THE PROBLEM> Exactly reproduce the lines from the one holding "by (simp add: M_def algebra_simps)" through the final line of the listing below, with both ends included and nothing else.

───── EXTRACTED RECORDS

lemma \<phi>''_le:
  assumes "s \<ge> y\<^sub>0"
  shows "\<phi>'' s \<le> (1 / 2 + \<bar>\<gamma>\<bar>) * s * \<phi>' s + \<bar>\<gamma>\<bar> * \<phi> y\<^sub>0 - \<phi>' s * \<phi>' s powr (p - 1)"
proof -
  have "- \<gamma> * \<phi> s \<le> \<bar>\<gamma>\<bar> * \<phi> s"
    using tail_pos[OF assms] by (intro mult_right_mono) auto
  also have "\<dots> \<le> \<bar>\<gamma>\<bar> * (\<phi> y\<^sub>0 + s * \<phi>' s)"
    using \<phi>_le_\<phi>_y0_plus_mult_\<phi>'[OF assms] by (intro mult_left_mono) auto
  finally show ?thesis using \<phi>''_eq[OF assms] by (simp add: algebra_simps)
qed

lemma \<phi>''_ge:
  assumes "s \<ge> y\<^sub>0"
  shows "\<phi>'' s \<ge> (1 / 2 - max \<gamma> 0) * s * \<phi>' s - max \<gamma> 0 * \<phi> y\<^sub>0 - \<phi>' s * \<phi>' s powr (p - 1)"
proof -
  have "\<gamma> * \<phi> s \<le> max \<gamma> 0 * \<phi> s"
    using tail_pos[OF assms] by (intro mult_right_mono) auto
  also have "\<dots> \<le> max \<gamma> 0 * (\<phi> y\<^sub>0 + s * \<phi>' s)"
    using \<phi>_le_\<phi>_y0_plus_mult_\<phi>'[OF assms] by (intro mult_left_mono) auto
  finally show ?thesis using \<phi>''_eq[OF assms] by (simp add: algebra_simps)
qed

lemma powr_\<phi>'_le_linear: "\<exists>M>0. \<forall>s\<ge>y\<^sub>0. \<phi>' s powr (p - 1) \<le> M * s"
proof -
  define M where "M = 1 / 2 + \<bar>\<gamma>\<bar> + \<bar>\<gamma>\<bar> * \<phi> y\<^sub>0 / (\<phi>' y\<^sub>0 * y\<^sub>0)"
  have "M > 0"
    using y0_pos tail_pos[of y\<^sub>0] by (simp add: M_def add_pos_nonneg)
  moreover have "\<phi>' s powr (p - 1) \<le> M * s" if s: "s \<ge> y\<^sub>0" for s
  proof -
    have u: "\<phi>' s \<ge> \<phi>' y\<^sub>0" "\<phi>' y\<^sub>0 > 0" using \<phi>'_mono[OF order_refl s] \<phi>'_pos y0_pos by auto
    have "\<phi>' s * \<phi>' s powr (p - 1) < (1 / 2 + \<bar>\<gamma>\<bar>) * s * \<phi>' s + \<bar>\<gamma>\<bar> * \<phi> y\<^sub>0"
      using \<phi>''_le[OF s] tail_pos[OF s] by linarith
    moreover have "\<bar>\<gamma>\<bar> * \<phi> y\<^sub>0 \<le> \<phi>' s * s * (\<bar>\<gamma>\<bar> * \<phi> y\<^sub>0 / (\<phi>' y\<^sub>0 * y\<^sub>0))"
    proof -
      have "\<phi>' y\<^sub>0 * y\<^sub>0 \<le> \<phi>' s * s" using u s y0_pos by (intro mult_mono) auto
      then have "1 \<le> \<phi>' s * s / (\<phi>' y\<^sub>0 * y\<^sub>0)" using u y0_pos by simp
      from mult_left_mono[OF this, of "\<bar>\<gamma>\<bar> * \<phi> y\<^sub>0"] show ?thesis
        using tail_pos[of y\<^sub>0] by (simp add: field_simps)
    qed
    ultimately have "\<phi>' s * \<phi>' s powr (p - 1) < \<phi>' s * (M * s)"
      by (simp add: M_def algebra_simps)
    then show ?thesis using \<phi>'_pos[OF s] by simp
  qed
  ultimately show ?thesis by blast
qed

──────────

ANSWER FOR THE TASK>
      by (simp add: M_def algebra_simps)
    then show ?thesis using \<phi>'_pos[OF s] by simp
  qed
  ultimately show ?thesis by blast
qed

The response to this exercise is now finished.